Stored data entries:
________________

(* The maximal Lie algebra of point symmetries (maximal invariance algebra in the sense of Lie) of the partial differential equation $$u_t+(u_x+u_{xx})^2=0$$ for $u=u(t,x)$ is five-dimensional, with basis $$X_1=-\partial_x,\quad X_2=-e^{-x}\partial_u,\quad X_3=\partial_t,\quad X_4=\partial_u,\quad X_5=t\partial_t-u\partial_u,$$ whose only non-zero commutators are $[X_1,X_2]=X_2$, $[X_2,X_5]=-X_2$, $[X_3,X_5]=X_3$, $[X_4,X_5]=-X_4$. *)

theory Defs
  imports "HOL-Analysis.Analysis"
begin

text \<open>Point vector fields Q = tau d_t + xi d_x + eta d_u on R^3 with coordinates (t,x,u).\<close>

type_synonym fn3 = "real \<Rightarrow> real \<Rightarrow> real \<Rightarrow> real"
type_synonym fn2 = "real \<Rightarrow> real \<Rightarrow> real"

datatype vf = VF (tau: fn3) (xi: fn3) (eta: fn3)

definition pt :: "fn3 \<Rightarrow> fn3" where "pt f = (\<lambda>t x u. deriv (\<lambda>s. f s x u) t)"
definition px :: "fn3 \<Rightarrow> fn3" where "px f = (\<lambda>t x u. deriv (\<lambda>s. f t s u) x)"
definition pu :: "fn3 \<Rightarrow> fn3" where "pu f = (\<lambda>t x u. deriv (\<lambda>s. f t x s) u)"

definition dt :: "fn2 \<Rightarrow> fn2" where "dt U = (\<lambda>t x. deriv (\<lambda>s. U s x) t)"
definition dx :: "fn2 \<Rightarrow> fn2" where "dx U = (\<lambda>t x. deriv (\<lambda>s. U t s) x)"
lemma vanishes_if_abs_deriv_le_norm:
  fixes X X' :: "real \<Rightarrow> 'a \<Rightarrow> real"
  assumes A: "finite A"
    and der: "\<And>a t. a \<in> A \<Longrightarrow> 0 \<le> t \<Longrightarrow> ((\<lambda>s. X s a) has_real_derivative X' t a) (at t within {0..})"
    and bound: "\<And>a t. a \<in> A \<Longrightarrow> 0 \<le> t \<Longrightarrow> t \<le> Tm \<Longrightarrow> \<bar>X' t a\<bar> \<le> C * sqrt (\<Sum>b\<in>A. (X t b)\<^sup>2)"
    and t0: "0 \<le> t0" "t0 \<le> Tm" "\<And>a. a \<in> A \<Longrightarrow> X t0 a = 0"
    and t: "0 \<le> t" "t \<le> Tm" and a: "a \<in> A"
  shows "X t a = 0"
proof -
  define E where "E s = (\<Sum>b\<in>A. (X s b)\<^sup>2)" for s
  define E' where "E' s = (\<Sum>b\<in>A. 2 * X s b * X' s b)" for s
  have "(E has_real_derivative E' s) (at s within {0..})" if "0 \<le> s" for s
    unfolding E_def[abs_def] E'_def
  proof (rule DERIV_sum)
    fix b assume "b \<in> A"
    from DERIV_mult[OF der[OF this that] der[OF this that]]
    show "((\<lambda>s. (X s b)\<^sup>2) has_real_derivative 2 * X s b * X' s b) (at s within {0..})"
      by (simp add: power2_eq_square algebra_simps)
  qed
  moreover have E_nonneg: "0 \<le> E s" for s unfolding E_def by (simp add: sum_nonneg)
  moreover have "\<bar>E' s\<bar> \<le> (2 * C * card A) * E s" if "0 \<le> s" "s \<le> Tm" for s
  proof -
    have "\<bar>2 * X s b * X' s b\<bar> \<le> 2 * C * E s" if "b \<in> A" for b
    proof -
      have "\<bar>X s b\<bar> * \<bar>X' s b\<bar> \<le> sqrt (E s) * \<bar>X' s b\<bar>"
        unfolding E_def by (rule mult_right_mono[OF abs_le_sqrt_sum_squares[OF A that] abs_ge_zero])
      also have "\<dots> \<le> sqrt (E s) * (C * sqrt (E s))"
        using bound[OF that \<open>0 \<le> s\<close> \<open>s \<le> Tm\<close>] unfolding E_def[symmetric]
        by (rule mult_left_mono) (simp add: E_nonneg)
      also have "\<dots> = C * E s"
        by (metis E_nonneg abs_of_nonneg mult.left_commute real_sqrt_mult_self)
      finally show ?thesis by (simp add: abs_mult)
    qed
    then have "\<bar>E' s\<bar> \<le> real (card A) * (2 * C * E s)"
      unfolding E'_def by (intro order_trans[OF sum_abs sum_bounded_above]) simp
    then show ?thesis by (simp add: algebra_simps)
  qed
  moreover have "E t0 = 0" unfolding E_def using t0(3) by simp
  ultimately have "E t = 0"
    using nonneg_vanishes_if_abs_deriv_le[of E E' Tm "2 * C * card A" t0 t] t0(1,2) t by blast
  then show ?thesis using abs_le_sqrt_sum_squares[OF A a, of "X t"] unfolding E_def by simp
qed

definition wf_mtree :: "mtree \<Rightarrow> bool" where
  "wf_mtree s \<longleftrightarrow> distinct (leaves s) \<and> (\<forall>cs. Node cs \<in> set (subtrees s) \<longrightarrow> cs \<noteq> []) \<and>
     distinct (map label (subtrees s))"

lemma label_eq_set_leaves: "label s = set (leaves s)"
  by (induction s) auto

lemma mode_tree_wf: "mode_tree N T \<Longrightarrow> wf_mtree T"
  unfolding mode_tree_def wf_mtree_def
  using mset_eq_imp_distinct_iff[of "leaves T" "[1..<N+1]"] by simp

lemma mode_tree_leaves: "mode_tree N T \<Longrightarrow> set (leaves T) = {1..N}"
  unfolding mode_tree_def label_eq_set_leaves by blast

lemma self_in_subtrees: "s \<in> set (subtrees s)"
  by (cases s) auto

lemma label_subtree_subset: "x \<in> set (subtrees s) \<Longrightarrow> label x \<subseteq> label s"
  by (induction s) auto

lemma wf_mtree_child:
  assumes "wf_mtree (Node ds)" "d \<in> set ds"
  shows "wf_mtree d" and "label d \<noteq> label (Node ds)"
proof -
  obtain xs ys where ds: "ds = xs @ d # ys" using split_list[OF assms(2)] by blast
  show "wf_mtree d" using assms unfolding wf_mtree_def ds by (auto simp: map_concat)
  have "label (Node ds) \<notin> label ` set (subtrees d)"
    using assms(1) unfolding wf_mtree_def ds by (simp add: map_concat)
  then show "label d \<noteq> label (Node ds)" using self_in_subtrees[of d] by blast
qed

lemma wf_mtree_subtree: "wf_mtree s \<Longrightarrow> x \<in> set (subtrees s) \<Longrightarrow> wf_mtree x"
proof (induction s)
  case (Node ds)
  then show ?case using wf_mtree_child(1) by (cases "x = Node ds") auto
qed simp

lemma wf_mtree_label_nonempty: "wf_mtree s \<Longrightarrow> label s \<noteq> {}"
proof (induction s)
  case (Node ds)
  then obtain d where "d \<in> set ds"
    unfolding wf_mtree_def using self_in_subtrees[of "Node ds"] by fastforce
  then show ?case using Node wf_mtree_child(1) by fastforce
qed simp

lemma wf_mtree_siblings_disjoint:
  assumes "wf_mtree (Node ds)" "ds = xs @ d # ys" "d' \<in> set xs \<union> set ys"
  shows "label d \<inter> label d' = {}"
proof -
  have "distinct (concat (map leaves xs) @ leaves d @ concat (map leaves ys))"
    using assms(1,2) unfolding wf_mtree_def by simp
  then show ?thesis using assms(3) unfolding label_eq_set_leaves distinct_append by auto
qed

lemma label_below_child_ne:
  assumes "wf_mtree (Node ds)" "d \<in> set ds" "x \<in> set (subtrees d)"
  shows "label x \<noteq> label (Node ds)"
  using label_subtree_subset[OF assms(3)] wf_mtree_child(2)[OF assms(1,2)] assms(2) by auto

lemma label_below_sibling_not_subset:
  assumes "wf_mtree (Node ds)" "ds = xs @ d # ys" "d' \<in> set xs \<union> set ys" "x \<in> set (subtrees d')"
  shows "\<not> label x \<subseteq> label d"
proof -
  have "d' \<in> set ds" using assms(2,3) by auto
  then have "label x \<noteq> {}"
    using wf_mtree_label_nonempty wf_mtree_subtree wf_mtree_child(1) assms(1,4) by blast
  then show ?thesis
    using wf_mtree_siblings_disjoint[OF assms(1-3)] label_subtree_subset[OF assms(4)] by blast
qed

lemma label_below_sibling_ne:
  assumes "wf_mtree (Node ds)" "c \<in> set ds" "c0 \<in> set ds" "c \<noteq> c0" "x \<in> set (subtrees c)"
  shows "label x \<noteq> label c0"
proof -
  obtain xs ys where ds: "ds = xs @ c0 # ys" using split_list[OF assms(3)] by blast
  then have "c \<in> set xs \<union> set ys" using assms(2,4) by auto
  then show ?thesis using label_below_sibling_not_subset[OF assms(1) ds _ assms(5)] by blast
qed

________________

Task statement> Each line above that includes "close" counts once; state the total and nothing more.

Solved exercise> 2